Santarém não quer ficar a ver passar aviões

O sossego ribatejano dum lado, milhares de postos de trabalhos do outro. Ao centro uma infraestrutura ligada aos desígnios nacionais. A notícia que Santarém pode vir a acolher o futuro aeroporto de Lisboa surpreendeu muitos locais – mas não todos. Populares estão céticos, mas latifundiários não fecham a porta a vender terrenos. E já há sinais de especulação imobiliária.

24 out, 2022 - 08:00 • Fábio Monteiro



Vista da Quinta Monteiro de Matos, uma das propriedades que pode vir a ser afetada pela construção do futuro aeroporto.
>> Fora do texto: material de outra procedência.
lemma descent_a_error_summable:
  assumes eta: "0 < \<eta>" "\<eta> < 1/2"
    and summ: "summable (\<lambda>k. wsq Shf (x (Suc k) - x k) + wsq (\<lambda>v. Shg v + \<sigma> *\<^sub>R B (adjoint B v)) (y (Suc k) - y k)
                   + (norm (r (Suc k)))\<^sup>2)"
  defines "\<beta> \<equiv> \<eta> * (1 - \<eta>) / (1 - 2 * \<eta>)"
  defines "E \<equiv> \<lambda>k. (\<tau> + \<beta>) / (\<tau>\<^sup>2 * \<sigma>) * (norm (z (Suc k) - z k))\<^sup>2
              + wsq (\<lambda>u. Shf u - (1/2) *\<^sub>R Sf u) (x (Suc k) - x k)
              + wsq (\<lambda>v. Shg v - (1/2) *\<^sub>R Sg v + (\<eta> * \<sigma>) *\<^sub>R B (adjoint B v)) (y (Suc k) - y k)"
  shows "0 \<le> E k" "summable E"
proof -
  have \<beta>: "0 < \<beta>" unfolding \<beta>_def using eta by simp
  have dz: "(\<tau> + \<beta>) / (\<tau>\<^sup>2 * \<sigma>) * (norm (z (Suc k) - z k))\<^sup>2 = (\<tau> + \<beta>) * \<sigma> * (norm (r (Suc k)))\<^sup>2" for k
  proof -
    have "(norm (z (Suc k) - z k))\<^sup>2 = (\<tau> * \<sigma>)\<^sup>2 * (norm (r (Suc k)))\<^sup>2"
      unfolding z_update by (simp add: power_mult_distrib)
    then show ?thesis using sigma_pos tau_pos by (simp add: field_simps power2_eq_square)
  qed
  have Ex: "wsq (\<lambda>u. Shf u - (1/2) *\<^sub>R Sf u) u = wsq (\<lambda>u. Shf u - Sf u) u + wsq Sf u / 2"
    "wsq (\<lambda>u. Shf u - (1/2) *\<^sub>R Sf u) u = wsq Shf u - wsq Sf u / 2" for u
    unfolding wsq_op_diff wsq_op_scaleR by simp_all
  have Ey: "wsq (\<lambda>v. Shg v - (1/2) *\<^sub>R Sg v + (\<eta> * \<sigma>) *\<^sub>R B (adjoint B v)) v
      = wsq (\<lambda>v. Shg v - Sg v) v + wsq Sg v / 2 + \<eta> * \<sigma> * (norm (adjoint B v))\<^sup>2"
    "wsq (\<lambda>v. Shg v - (1/2) *\<^sub>R Sg v + (\<eta> * \<sigma>) *\<^sub>R B (adjoint B v)) v
      = wsq Shg v - wsq Sg v / 2 + \<eta> * \<sigma> * (norm (adjoint B v))\<^sup>2" for v
    unfolding wsq_op_add_gram[OF B_lin] wsq_op_diff wsq_op_scaleR by simp_all
  show E0: "0 \<le> E k" for k
    using psd_op_wsq_nonneg[OF Shf_ge, of "x (Suc k) - x k"] psd_op_wsq_nonneg[OF Sf(2), of "x (Suc k) - x k"]
      psd_op_wsq_nonneg[OF Shg_ge, of "y (Suc k) - y k"] psd_op_wsq_nonneg[OF Sg(2), of "y (Suc k) - y k"]
      eta sigma_pos tau_pos \<beta>
    unfolding E_def Ex(1) Ey(1) by (simp add: add_nonneg_nonneg)
  define M where "M = max 1 ((\<tau> + \<beta>) * \<sigma>)"
  have E_le: "E k \<le> M * (wsq Shf (x (Suc k) - x k) + wsq (\<lambda>v. Shg v + \<sigma> *\<^sub>R B (adjoint B v)) (y (Suc k) - y k)
                   + (norm (r (Suc k)))\<^sup>2)" for k
  proof -
    let ?dx = "x (Suc k) - x k" and ?dy = "y (Suc k) - y k"
    have le_M: "t \<le> M * t" if "0 \<le> t" for t :: real
      using mult_right_mono[of 1 M t] that unfolding M_def by simp
    have "(\<tau> + \<beta>) * \<sigma> * (norm (r (Suc k)))\<^sup>2 \<le> M * (norm (r (Suc k)))\<^sup>2"
      unfolding M_def by (intro mult_right_mono) auto
    moreover have "wsq Shf ?dx \<le> M * wsq Shf ?dx"
      "wsq Shg ?dy + \<sigma> * (norm (adjoint B ?dy))\<^sup>2 \<le> M * (wsq Shg ?dy + \<sigma> * (norm (adjoint B ?dy))\<^sup>2)"
      using psd_op_wsq_nonneg[OF Shf(2)] psd_op_wsq_nonneg[OF Shg(2), of ?dy] sigma_pos
      by (auto intro!: le_M)
    moreover have "\<eta> * \<sigma> * (norm (adjoint B ?dy))\<^sup>2 \<le> \<sigma> * (norm (adjoint B ?dy))\<^sup>2"
      using eta sigma_pos by (intro mult_right_mono) auto
    ultimately show ?thesis
      using psd_op_wsq_nonneg[OF Sf(2), of ?dx] psd_op_wsq_nonneg[OF Sg(2), of ?dy]
      unfolding E_def dz Ex(2) Ey(2) wsq_op_add_gram[OF B_lin] by (simp add: algebra_simps)
  qed
  show "summable E"
    by (rule summable_comparison_test'[OF summable_mult[OF summ, of M], where N=0]) (use E0 E_le in simp)
qed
Foto: Fábio Monteiro/RR
Vista da Quinta Monteiro de Matos, uma das propriedades que pode vir a ser afetada pela construção do futuro aeroporto. Foto: Fábio Monteiro/RR

Ricardo Luís Costa está habituado a ver passar aviões – literal e metaforicamente. Por cima da sede da União de Freguesias de São Vicente do Paúl e Vale de Figueira, município de Santarém, é comum ouvir-se o rasgar das aeronaves militares, que se deslocam em exercícios de e para a base de Monte Real. Da mesma forma, as oportunidades de desenvolvimento regional também costumam passar perto, mas, em regra, vão poisar ou mais perto do litoral ou à capital.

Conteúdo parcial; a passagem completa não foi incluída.